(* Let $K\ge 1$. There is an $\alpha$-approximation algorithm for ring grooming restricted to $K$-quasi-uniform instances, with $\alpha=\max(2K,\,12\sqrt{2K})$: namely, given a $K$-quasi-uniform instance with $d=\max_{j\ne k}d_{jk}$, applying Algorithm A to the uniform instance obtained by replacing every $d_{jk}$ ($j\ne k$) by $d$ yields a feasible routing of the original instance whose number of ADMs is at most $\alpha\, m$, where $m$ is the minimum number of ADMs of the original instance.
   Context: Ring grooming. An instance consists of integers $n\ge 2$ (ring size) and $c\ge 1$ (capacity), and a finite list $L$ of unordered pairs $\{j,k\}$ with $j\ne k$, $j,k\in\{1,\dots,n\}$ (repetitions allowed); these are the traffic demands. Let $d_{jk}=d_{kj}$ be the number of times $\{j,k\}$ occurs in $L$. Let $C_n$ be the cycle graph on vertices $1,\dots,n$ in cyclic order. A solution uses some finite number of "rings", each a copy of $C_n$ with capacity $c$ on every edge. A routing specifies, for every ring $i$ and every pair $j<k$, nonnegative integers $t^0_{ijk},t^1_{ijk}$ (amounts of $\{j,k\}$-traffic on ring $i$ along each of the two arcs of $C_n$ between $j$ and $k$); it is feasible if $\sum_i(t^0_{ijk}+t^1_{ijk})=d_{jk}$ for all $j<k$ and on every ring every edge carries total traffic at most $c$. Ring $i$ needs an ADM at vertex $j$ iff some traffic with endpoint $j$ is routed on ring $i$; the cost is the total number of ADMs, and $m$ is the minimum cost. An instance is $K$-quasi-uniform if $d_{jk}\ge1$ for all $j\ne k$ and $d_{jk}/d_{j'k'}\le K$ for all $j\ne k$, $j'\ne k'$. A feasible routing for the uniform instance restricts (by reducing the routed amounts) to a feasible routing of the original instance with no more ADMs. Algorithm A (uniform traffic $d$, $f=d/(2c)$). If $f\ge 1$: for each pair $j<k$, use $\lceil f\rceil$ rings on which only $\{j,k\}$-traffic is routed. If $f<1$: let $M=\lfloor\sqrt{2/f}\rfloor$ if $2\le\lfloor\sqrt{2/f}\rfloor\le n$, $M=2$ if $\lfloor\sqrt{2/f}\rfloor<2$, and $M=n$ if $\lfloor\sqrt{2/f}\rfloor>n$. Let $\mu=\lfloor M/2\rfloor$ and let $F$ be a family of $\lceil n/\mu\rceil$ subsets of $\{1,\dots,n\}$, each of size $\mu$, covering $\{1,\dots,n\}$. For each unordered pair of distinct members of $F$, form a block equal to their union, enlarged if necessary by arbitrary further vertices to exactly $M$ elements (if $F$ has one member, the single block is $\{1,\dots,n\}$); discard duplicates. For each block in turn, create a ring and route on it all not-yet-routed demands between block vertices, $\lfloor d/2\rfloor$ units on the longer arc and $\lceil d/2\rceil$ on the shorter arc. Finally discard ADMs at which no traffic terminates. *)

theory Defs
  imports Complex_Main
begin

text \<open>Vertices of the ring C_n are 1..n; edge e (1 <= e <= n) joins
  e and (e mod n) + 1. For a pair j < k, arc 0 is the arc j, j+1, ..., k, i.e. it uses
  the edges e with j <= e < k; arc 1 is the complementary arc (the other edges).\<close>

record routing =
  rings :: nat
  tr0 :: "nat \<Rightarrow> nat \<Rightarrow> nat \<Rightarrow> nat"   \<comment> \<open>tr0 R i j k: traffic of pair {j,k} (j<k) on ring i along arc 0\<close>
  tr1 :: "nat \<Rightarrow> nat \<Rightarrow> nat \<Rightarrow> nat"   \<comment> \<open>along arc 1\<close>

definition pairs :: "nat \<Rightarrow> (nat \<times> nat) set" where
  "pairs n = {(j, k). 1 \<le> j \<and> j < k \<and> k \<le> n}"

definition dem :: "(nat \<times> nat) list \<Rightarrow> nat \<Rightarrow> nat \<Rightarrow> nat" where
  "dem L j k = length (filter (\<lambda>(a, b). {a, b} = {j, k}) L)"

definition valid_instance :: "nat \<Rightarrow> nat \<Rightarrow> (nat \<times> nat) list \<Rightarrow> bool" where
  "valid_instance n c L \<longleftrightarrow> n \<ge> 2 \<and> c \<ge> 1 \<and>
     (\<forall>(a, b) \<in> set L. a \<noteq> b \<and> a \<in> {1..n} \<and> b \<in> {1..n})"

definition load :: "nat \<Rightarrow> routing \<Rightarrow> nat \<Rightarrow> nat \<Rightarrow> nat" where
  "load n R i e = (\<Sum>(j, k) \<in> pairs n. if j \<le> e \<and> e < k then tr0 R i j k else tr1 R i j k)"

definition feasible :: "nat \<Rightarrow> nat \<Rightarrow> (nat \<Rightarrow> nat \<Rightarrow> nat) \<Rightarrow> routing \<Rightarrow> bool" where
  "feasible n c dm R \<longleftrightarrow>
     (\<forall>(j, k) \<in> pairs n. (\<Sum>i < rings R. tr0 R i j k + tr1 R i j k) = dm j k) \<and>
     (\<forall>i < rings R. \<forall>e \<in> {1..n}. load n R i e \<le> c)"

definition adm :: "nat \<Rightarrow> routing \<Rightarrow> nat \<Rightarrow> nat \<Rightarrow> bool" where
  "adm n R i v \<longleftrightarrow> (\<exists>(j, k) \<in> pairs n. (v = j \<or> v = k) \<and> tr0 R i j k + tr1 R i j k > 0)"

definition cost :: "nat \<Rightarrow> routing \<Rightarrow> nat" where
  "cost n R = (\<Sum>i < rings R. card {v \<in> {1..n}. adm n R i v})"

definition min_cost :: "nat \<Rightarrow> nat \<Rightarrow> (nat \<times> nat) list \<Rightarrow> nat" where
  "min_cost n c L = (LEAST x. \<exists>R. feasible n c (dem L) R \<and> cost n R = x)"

---

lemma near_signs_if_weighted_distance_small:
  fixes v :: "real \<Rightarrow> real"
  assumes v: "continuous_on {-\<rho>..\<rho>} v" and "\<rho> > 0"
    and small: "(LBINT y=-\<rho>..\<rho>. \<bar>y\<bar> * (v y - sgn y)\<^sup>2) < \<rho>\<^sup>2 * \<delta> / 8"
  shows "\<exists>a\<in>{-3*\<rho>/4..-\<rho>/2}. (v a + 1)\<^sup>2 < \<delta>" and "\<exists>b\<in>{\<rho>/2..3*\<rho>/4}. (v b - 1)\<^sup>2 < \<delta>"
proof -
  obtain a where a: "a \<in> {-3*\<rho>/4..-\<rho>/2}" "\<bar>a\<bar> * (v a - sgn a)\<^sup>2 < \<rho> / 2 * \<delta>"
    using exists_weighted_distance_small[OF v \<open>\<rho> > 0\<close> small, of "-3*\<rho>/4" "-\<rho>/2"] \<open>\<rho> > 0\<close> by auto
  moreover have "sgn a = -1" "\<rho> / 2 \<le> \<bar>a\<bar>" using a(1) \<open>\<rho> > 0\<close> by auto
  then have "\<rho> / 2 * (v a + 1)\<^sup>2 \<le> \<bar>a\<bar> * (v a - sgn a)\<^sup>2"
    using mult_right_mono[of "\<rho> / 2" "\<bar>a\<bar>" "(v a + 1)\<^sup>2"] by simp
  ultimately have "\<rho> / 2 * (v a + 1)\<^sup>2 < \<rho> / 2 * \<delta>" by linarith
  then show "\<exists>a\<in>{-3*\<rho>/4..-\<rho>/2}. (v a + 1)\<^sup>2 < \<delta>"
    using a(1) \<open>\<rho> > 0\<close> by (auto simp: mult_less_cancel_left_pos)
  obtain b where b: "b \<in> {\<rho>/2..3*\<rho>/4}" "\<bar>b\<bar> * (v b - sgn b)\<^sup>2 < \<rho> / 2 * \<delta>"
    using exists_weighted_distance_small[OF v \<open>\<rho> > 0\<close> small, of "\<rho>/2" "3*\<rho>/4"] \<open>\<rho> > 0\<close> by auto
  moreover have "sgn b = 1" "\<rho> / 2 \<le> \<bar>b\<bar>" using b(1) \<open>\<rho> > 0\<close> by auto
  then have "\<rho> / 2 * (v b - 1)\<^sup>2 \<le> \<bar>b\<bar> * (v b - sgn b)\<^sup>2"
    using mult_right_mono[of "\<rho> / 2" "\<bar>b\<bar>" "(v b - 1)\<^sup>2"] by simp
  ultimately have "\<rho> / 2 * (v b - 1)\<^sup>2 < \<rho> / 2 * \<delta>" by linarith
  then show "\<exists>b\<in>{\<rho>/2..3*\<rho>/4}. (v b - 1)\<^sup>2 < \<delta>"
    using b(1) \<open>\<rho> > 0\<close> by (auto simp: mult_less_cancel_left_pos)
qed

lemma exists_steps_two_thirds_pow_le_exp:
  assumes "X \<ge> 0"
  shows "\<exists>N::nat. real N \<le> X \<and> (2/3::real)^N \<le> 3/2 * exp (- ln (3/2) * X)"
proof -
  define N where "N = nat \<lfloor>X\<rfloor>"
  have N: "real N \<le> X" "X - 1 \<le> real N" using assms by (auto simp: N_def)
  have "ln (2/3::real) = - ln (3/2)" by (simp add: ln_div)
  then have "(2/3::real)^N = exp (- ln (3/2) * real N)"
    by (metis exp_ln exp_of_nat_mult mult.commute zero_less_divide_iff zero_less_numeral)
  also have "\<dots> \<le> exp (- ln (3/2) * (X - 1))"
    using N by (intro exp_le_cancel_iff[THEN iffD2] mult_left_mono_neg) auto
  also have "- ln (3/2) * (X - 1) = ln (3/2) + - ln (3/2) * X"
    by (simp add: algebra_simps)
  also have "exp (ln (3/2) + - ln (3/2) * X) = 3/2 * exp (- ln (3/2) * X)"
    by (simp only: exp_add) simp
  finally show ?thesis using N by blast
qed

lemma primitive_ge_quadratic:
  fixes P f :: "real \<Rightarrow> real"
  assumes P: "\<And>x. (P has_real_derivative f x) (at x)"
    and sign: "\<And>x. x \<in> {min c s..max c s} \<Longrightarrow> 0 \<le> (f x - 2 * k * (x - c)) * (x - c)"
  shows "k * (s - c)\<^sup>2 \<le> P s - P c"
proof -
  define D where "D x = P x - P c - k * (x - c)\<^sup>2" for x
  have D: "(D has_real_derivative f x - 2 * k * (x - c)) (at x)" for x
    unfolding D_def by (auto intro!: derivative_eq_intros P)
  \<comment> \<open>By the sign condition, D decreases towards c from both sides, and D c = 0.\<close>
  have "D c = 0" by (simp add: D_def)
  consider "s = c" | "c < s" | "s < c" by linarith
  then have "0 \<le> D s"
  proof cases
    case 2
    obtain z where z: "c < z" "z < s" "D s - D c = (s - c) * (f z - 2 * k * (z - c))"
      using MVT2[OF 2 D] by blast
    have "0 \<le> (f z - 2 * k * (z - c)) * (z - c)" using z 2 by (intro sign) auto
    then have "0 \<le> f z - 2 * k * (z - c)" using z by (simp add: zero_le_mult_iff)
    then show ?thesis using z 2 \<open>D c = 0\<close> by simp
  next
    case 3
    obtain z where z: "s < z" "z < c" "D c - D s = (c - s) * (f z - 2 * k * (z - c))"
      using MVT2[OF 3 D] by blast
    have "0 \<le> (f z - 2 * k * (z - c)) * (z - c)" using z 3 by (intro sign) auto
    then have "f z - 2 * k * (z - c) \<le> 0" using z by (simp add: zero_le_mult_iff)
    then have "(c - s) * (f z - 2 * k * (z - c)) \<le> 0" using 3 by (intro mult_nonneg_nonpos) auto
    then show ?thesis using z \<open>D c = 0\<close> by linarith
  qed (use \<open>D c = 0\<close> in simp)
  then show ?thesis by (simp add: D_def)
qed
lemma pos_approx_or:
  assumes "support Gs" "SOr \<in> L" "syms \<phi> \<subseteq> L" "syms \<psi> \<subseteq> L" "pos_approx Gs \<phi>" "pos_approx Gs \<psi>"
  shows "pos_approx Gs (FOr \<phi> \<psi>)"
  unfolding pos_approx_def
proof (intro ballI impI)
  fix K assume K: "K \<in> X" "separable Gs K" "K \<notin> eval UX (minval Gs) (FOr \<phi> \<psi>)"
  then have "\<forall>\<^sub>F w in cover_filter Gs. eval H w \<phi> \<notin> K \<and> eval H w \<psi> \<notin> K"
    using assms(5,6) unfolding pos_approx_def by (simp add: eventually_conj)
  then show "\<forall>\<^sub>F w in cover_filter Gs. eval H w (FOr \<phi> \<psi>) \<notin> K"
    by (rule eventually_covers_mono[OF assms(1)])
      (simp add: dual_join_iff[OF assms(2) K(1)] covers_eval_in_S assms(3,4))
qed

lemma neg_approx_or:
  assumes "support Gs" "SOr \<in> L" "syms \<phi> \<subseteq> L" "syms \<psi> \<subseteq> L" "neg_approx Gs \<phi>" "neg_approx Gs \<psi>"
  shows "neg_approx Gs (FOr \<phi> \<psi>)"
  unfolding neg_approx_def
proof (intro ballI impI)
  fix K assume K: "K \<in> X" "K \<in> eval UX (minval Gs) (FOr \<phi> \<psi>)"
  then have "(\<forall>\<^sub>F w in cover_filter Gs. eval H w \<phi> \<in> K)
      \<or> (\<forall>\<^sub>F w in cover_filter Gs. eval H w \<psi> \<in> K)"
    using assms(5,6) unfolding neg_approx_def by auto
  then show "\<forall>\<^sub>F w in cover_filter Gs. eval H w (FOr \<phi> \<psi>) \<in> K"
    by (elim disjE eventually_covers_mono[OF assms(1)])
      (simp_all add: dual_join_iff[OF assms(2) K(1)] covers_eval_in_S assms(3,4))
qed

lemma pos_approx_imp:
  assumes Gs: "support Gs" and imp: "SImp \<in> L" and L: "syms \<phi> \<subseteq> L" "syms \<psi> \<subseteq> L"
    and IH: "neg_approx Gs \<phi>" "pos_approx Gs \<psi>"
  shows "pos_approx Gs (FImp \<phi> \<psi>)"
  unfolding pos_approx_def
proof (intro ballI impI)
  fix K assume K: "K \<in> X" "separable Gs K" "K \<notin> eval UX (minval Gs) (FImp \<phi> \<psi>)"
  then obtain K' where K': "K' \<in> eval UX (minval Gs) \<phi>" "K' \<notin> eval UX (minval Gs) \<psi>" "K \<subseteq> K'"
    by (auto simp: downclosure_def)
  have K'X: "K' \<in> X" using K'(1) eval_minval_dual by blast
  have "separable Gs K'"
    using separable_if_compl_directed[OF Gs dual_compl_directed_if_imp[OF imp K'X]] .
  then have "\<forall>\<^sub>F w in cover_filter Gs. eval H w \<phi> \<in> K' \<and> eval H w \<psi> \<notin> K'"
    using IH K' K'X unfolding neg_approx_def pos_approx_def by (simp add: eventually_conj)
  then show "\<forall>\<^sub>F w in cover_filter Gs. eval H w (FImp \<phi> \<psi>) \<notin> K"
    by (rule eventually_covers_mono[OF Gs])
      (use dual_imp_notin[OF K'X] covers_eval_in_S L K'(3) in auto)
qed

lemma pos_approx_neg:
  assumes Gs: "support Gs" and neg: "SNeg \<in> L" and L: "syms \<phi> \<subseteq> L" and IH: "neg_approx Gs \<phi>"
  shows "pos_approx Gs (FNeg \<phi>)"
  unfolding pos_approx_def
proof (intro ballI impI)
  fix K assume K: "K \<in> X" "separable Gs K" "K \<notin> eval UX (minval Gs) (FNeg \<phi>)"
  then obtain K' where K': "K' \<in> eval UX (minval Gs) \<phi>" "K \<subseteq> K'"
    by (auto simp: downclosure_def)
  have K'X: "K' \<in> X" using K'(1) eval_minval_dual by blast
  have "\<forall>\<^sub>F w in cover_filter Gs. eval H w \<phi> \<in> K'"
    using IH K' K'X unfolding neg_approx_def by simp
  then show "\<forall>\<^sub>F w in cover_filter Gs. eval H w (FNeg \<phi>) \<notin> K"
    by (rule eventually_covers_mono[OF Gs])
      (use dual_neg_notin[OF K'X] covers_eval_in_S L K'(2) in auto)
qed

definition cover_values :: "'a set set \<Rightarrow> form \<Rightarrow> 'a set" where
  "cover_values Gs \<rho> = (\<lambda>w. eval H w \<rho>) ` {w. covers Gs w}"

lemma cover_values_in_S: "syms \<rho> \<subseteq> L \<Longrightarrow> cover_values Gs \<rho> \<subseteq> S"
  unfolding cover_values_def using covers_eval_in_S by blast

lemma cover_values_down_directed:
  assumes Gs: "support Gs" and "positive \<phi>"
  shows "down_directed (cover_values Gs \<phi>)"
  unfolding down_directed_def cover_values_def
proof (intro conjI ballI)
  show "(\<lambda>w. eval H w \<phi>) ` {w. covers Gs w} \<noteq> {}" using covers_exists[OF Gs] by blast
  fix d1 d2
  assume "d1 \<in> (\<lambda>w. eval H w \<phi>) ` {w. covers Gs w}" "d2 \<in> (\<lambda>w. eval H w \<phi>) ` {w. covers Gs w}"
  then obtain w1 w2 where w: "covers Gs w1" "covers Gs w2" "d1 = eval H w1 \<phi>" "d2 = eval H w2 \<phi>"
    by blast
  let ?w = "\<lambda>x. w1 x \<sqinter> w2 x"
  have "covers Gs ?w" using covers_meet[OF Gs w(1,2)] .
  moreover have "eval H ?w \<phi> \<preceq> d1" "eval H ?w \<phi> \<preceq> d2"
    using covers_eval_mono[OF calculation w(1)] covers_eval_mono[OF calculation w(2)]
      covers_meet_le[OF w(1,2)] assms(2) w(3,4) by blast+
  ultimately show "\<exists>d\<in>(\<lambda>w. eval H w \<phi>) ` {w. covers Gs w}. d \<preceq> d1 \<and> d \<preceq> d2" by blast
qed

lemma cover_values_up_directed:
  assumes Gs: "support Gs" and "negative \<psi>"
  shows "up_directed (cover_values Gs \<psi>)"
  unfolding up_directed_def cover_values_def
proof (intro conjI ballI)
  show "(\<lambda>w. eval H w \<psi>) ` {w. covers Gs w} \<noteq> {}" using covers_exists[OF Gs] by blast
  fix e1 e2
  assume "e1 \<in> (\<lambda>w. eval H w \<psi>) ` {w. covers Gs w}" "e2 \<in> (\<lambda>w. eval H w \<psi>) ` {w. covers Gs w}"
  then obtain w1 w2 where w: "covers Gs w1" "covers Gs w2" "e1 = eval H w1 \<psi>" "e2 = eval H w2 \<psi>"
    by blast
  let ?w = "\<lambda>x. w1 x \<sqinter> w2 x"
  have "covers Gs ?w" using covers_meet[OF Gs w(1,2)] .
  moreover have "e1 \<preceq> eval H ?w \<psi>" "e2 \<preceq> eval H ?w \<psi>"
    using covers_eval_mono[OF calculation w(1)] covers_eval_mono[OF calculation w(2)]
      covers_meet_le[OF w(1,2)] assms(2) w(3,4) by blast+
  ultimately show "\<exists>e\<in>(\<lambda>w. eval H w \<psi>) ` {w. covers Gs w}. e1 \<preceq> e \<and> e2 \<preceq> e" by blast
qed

--

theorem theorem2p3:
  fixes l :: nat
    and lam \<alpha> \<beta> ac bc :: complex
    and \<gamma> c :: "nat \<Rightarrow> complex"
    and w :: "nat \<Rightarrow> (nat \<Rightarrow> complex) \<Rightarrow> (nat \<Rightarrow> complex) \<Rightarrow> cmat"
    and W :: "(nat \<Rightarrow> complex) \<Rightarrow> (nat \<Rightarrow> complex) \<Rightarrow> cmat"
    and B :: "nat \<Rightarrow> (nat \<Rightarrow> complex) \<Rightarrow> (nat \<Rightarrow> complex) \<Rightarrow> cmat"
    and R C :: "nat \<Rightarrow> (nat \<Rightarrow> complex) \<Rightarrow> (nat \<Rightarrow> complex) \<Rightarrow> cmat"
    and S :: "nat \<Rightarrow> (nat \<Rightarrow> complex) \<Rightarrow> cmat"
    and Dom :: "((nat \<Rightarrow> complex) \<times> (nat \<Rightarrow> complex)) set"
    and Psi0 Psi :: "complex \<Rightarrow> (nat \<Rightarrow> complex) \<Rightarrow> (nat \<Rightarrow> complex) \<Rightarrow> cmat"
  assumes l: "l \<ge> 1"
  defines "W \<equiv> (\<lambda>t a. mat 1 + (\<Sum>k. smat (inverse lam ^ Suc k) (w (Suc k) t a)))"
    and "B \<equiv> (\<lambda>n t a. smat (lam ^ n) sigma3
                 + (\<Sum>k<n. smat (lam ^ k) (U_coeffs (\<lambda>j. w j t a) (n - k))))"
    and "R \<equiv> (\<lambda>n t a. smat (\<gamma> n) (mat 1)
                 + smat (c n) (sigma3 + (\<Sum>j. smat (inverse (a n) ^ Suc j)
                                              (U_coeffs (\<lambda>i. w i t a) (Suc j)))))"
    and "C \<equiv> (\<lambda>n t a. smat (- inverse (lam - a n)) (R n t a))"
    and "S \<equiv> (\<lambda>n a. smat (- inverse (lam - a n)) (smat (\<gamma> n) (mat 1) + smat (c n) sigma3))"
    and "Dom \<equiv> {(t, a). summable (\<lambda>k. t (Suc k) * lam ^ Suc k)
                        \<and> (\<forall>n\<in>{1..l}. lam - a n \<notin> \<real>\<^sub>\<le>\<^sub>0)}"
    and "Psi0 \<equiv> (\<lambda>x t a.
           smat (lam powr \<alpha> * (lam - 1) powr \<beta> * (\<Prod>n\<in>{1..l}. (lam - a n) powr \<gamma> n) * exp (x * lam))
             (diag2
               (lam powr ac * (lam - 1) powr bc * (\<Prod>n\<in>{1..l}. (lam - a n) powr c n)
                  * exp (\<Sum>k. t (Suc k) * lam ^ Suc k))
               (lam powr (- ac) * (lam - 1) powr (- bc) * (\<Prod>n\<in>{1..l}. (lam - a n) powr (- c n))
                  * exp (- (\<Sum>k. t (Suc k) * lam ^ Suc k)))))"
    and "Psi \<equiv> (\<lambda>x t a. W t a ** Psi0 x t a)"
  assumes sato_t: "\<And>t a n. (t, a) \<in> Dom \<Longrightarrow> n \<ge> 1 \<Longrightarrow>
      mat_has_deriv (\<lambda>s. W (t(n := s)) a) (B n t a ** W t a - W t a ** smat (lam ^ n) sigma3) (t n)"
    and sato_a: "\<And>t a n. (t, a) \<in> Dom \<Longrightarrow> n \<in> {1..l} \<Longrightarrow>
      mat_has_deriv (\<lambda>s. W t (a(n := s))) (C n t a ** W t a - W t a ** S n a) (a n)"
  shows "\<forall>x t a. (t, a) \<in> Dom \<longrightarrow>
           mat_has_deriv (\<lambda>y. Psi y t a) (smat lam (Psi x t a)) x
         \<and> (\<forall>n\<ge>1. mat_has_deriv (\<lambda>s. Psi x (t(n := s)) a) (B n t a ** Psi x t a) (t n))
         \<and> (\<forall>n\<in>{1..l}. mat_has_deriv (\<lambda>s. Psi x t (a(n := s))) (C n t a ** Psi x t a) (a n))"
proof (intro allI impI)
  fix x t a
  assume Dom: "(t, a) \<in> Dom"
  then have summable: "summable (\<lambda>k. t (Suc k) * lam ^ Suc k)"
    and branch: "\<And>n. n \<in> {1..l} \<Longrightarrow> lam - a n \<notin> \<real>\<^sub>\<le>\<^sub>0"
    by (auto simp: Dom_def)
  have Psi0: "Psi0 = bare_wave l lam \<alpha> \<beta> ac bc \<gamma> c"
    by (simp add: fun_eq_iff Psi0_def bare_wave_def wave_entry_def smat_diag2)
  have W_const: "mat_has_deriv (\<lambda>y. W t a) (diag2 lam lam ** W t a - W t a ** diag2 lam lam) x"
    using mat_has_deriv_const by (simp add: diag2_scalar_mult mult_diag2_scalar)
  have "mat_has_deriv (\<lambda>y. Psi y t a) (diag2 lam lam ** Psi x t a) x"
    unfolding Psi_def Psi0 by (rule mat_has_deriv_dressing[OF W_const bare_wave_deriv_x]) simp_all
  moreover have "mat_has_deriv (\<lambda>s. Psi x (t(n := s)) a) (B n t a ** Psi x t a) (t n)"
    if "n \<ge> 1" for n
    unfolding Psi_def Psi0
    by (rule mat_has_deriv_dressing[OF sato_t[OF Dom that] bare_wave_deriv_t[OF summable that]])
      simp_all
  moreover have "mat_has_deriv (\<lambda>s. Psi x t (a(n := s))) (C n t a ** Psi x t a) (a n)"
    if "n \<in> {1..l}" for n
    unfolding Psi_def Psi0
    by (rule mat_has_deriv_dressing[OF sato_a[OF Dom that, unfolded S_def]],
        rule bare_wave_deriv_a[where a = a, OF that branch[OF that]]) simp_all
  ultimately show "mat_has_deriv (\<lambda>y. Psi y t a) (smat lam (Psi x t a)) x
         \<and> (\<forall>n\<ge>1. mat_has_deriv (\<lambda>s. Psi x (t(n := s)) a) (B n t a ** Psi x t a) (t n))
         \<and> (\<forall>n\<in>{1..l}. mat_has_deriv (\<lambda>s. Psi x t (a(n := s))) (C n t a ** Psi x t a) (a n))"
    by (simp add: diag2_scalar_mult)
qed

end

= YOUR ASSIGNMENT =
After locating the line holding "along arc 0\<close>" above, output exactly that line and every line after it through the line holding "(filter (\<lambda>(a, b).". Include nothing else.

= TASK RESPONSE =
  tr0 :: "nat \<Rightarrow> nat \<Rightarrow> nat \<Rightarrow> nat"   \<comment> \<open>tr0 R i j k: traffic of pair {j,k} (j<k) on ring i along arc 0\<close>
  tr1 :: "nat \<Rightarrow> nat \<Rightarrow> nat \<Rightarrow> nat"   \<comment> \<open>along arc 1\<close>

definition pairs :: "nat \<Rightarrow> (nat \<times> nat) set" where
  "pairs n = {(j, k). 1 \<le> j \<and> j < k \<and> k \<le> n}"

definition dem :: "(nat \<times> nat) list \<Rightarrow> nat \<Rightarrow> nat \<Rightarrow> nat" where
  "dem L j k = length (filter (\<lambda>(a, b). {a, b} = {j, k}) L)"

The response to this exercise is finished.